Workload and Power Simulator
This document defines the Joulie simulator design and how it integrates with Joulie.
Architecture at a glance
The simulator extends the same control path used on real nodes:
- Node labels define simulated hardware identity.
- Operator resolves hardware from
NodeHardwarewhen available, otherwise from labels/inventory fallback. - Operator writes desired node profile (
NodeTwin.spec). - Agent reads desired state and sends control intents.
- Simulator emulates telemetry/control behavior per node and exposes HTTP endpoints.
- Next reconcile loop reacts to updated simulated state.

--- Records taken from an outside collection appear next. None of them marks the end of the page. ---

lemma prob_op_event:
  fixes M :: "'a measure" and e :: "int \<Rightarrow> 'a \<Rightarrow> real"
  assumes iid: "iid_continuous M e" and q: "q \<ge> 1"
  shows "measure M (op_event M e q t i)
       = iid_prob (distr M borel (e 0)) 4 (\<lambda>x. has_op_innov (op_pat i) (x 0) (x 1) (x 2) (x 3))"
proof -
  define L where "L = [t - int q, t + 1 - int q, t + 1, t + 2]"
  define P where "P = (\<lambda>x::nat \<Rightarrow> real. has_op_innov (op_pat i) (x 0) (x 1) (x 2) (x 3))"
  have "op_event M e q t i = {\<omega> \<in> space M. P (\<lambda>m\<in>{..<length L}. e (L ! m) \<omega>)}"
    unfolding op_event_innovations P_def L_def by simp
  moreover have "Measurable.pred (PiM {..<length L} (\<lambda>_. borel)) P"
    unfolding P_def L_def by (intro pred_has_op_innov measurable_component_singleton) auto
  moreover have "distinct L" "L \<noteq> []" "length L = 4" using q by (simp_all add: L_def)
  ultimately show ?thesis
    unfolding P_def[symmetric] using prob_innovations_eq_iid_prob[OF iid, of L P] by simp
qed

lemma p2_eq_p1_mult:
  fixes M :: "'a measure" and e :: "int \<Rightarrow> 'a \<Rightarrow> real"
  assumes iid: "iid_continuous M e" and q: "q \<ge> 1" and k: "2 \<le> k \<and> k < q \<or> q + 3 \<le> k"
  shows "p2 M e q i j k = p1 M e q i * p1 M e q j"
proof -
  interpret prob_space M using iid by (simp add: iid_continuous_def)
  have indep: "indep_vars (\<lambda>_. borel) e UNIV" using iid by (simp add: iid_continuous_def)
  define A where "A = {- int q, 1 - int q, 1, 2}"
  define B where "B = {int k - int q, int k + 1 - int q, int k + 1, int k + 2}"
  define P where "P = (\<lambda>x. has_op_innov (op_pat i) (x (- int q)) (x (1 - int q)) (x 1) (x 2))"
  define Q where "Q = (\<lambda>x. has_op_innov (op_pat j)
    (x (int k - int q)) (x (int k + 1 - int q)) (x (int k + 1)) (x (int k + 2)))"
  have "op_event M e q 0 i = {\<omega> \<in> space M. P (\<lambda>s\<in>A. e s \<omega>)}"
    unfolding op_event_innovations P_def A_def by simp
  moreover have "op_event M e q (int k) j = {\<omega> \<in> space M. Q (\<lambda>s\<in>B. e s \<omega>)}"
    unfolding op_event_innovations Q_def B_def by simp
  moreover have "A \<inter> B = {}" using k q by (auto simp: A_def B_def)
  moreover have "Measurable.pred (PiM A (\<lambda>_. borel)) P" "Measurable.pred (PiM B (\<lambda>_. borel)) Q"
    unfolding P_def Q_def A_def B_def
    by (intro pred_has_op_innov measurable_component_singleton; simp)+
  ultimately have "p2 M e q i j k = measure M (op_event M e q 0 i) * measure M (op_event M e q (int k) j)"
    unfolding p2_def by (simp add: prob_Int_restrict_indep[OF indep])
  then show ?thesis
    unfolding p1_def using prob_op_event[OF iid q] by simp
qed

lemma p2_eq_iid_prob:
  fixes M :: "'a measure" and e :: "int \<Rightarrow> 'a \<Rightarrow> real"
  assumes iid: "iid_continuous M e" and L: "distinct L" "length L = n" "n > 0"
    and P: "Measurable.pred (PiM {..<n} (\<lambda>_. borel)) P"
    and events: "\<And>\<omega>. has_op_innov (op_pat i) (e (- int q) \<omega>) (e (1 - int q) \<omega>) (e 1 \<omega>) (e 2 \<omega>)
       \<and> has_op_innov (op_pat j) (e (int k - int q) \<omega>) (e (int k + 1 - int q) \<omega>) (e (int k + 1) \<omega>) (e (int k + 2) \<omega>)
       \<longleftrightarrow> P (\<lambda>m\<in>{..<n}. e (L ! m) \<omega>)"
  shows "p2 M e q i j k = iid_prob (distr M borel (e 0)) n P"
proof -
  have "op_event M e q 0 i \<inter> op_event M e q (int k) j = {\<omega> \<in> space M. P (\<lambda>m\<in>{..<length L}. e (L ! m) \<omega>)}"
    unfolding op_event_innovations L(2) events[symmetric] by auto
  then show ?thesis
    unfolding p2_def using prob_innovations_eq_iid_prob[OF iid, of L P] L P by auto
qed

lemma p2_lag_1:
  fixes M :: "'a measure" and e :: "int \<Rightarrow> 'a \<Rightarrow> real"
  assumes iid: "iid_continuous M e" and q: "q \<ge> 2"
  shows "p2 M e q i j 1 = iid_prob (distr M borel (e 0)) 6 (\<lambda>x.
    has_op_innov (op_pat i) (x 0) (x 1) (x 3) (x 4) \<and> has_op_innov (op_pat j) (x 1) (x 2) (x 4) (x 5))"
proof (rule p2_eq_iid_prob[OF iid, where L = "[- int q, 1 - int q, 2 - int q, 1, 2, 3]"])
  show "distinct [- int q, 1 - int q, 2 - int q, 1, 2, 3]" using q by auto
qed (auto simp: algebra_simps intro!: pred_intros_logic pred_has_op_innov measurable_component_singleton)

lemma p2_lag_q:
  fixes M :: "'a measure" and e :: "int \<Rightarrow> 'a \<Rightarrow> real"
  assumes iid: "iid_continuous M e" and q: "q \<ge> 2"
  shows "p2 M e q i j q = iid_prob (distr M borel (e 0)) 7 (\<lambda>x.
    has_op_innov (op_pat i) (x 0) (x 1) (x 3) (x 4) \<and> has_op_innov (op_pat j) (x 2) (x 3) (x 5) (x 6))"
proof (rule p2_eq_iid_prob[OF iid, where L = "[- int q, 1 - int q, 0, 1, 2, int q + 1, int q + 2]"])
  show "distinct [- int q, 1 - int q, 0, 1, 2, int q + 1, int q + 2]" using q by auto
qed (auto simp: algebra_simps intro!: pred_intros_logic pred_has_op_innov measurable_component_singleton)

The diagram shows the end-to-end loop:
- Kubernetes keeps scheduling and pod lifecycle as source of truth.
- Joulie operator writes desired node states (
NodeTwin.spec). - Agent (pool or daemonset mode) translates desired state into control intents.
- Simulator receives control intents and updates per-node hardware model state.
- Simulator exposes telemetry back to the agent through HTTP, closing the loop.
This separation lets you validate control policies with realistic scheduler behavior while simulating hardware dynamics.
Goals
- Keep Kubernetes scheduling real (real pod placement/lifecycle).
- Simulate hardware telemetry and control interfaces (CPU and GPU).
- Provide reproducible, comparable experiments across Joulie and WAO.
The workload side of the simulator is now split into two docs:
- Workload Generation: how realistic AI traces are built
- Workload Simulator: how those traces are consumed and progressed at runtime
Full architecture mirroring
The simulator now mirrors the complete Joulie control architecture. All three control layers are exercisable in simulation:
- Operator policy controller: runs the full policy algorithm (static partition, queue-aware) with simulated
NodeHardwareandNodeTwin.status. - Scheduler extender: participates in scheduling decisions for simulated KWOK pods; filter and score logic is identical to the production path.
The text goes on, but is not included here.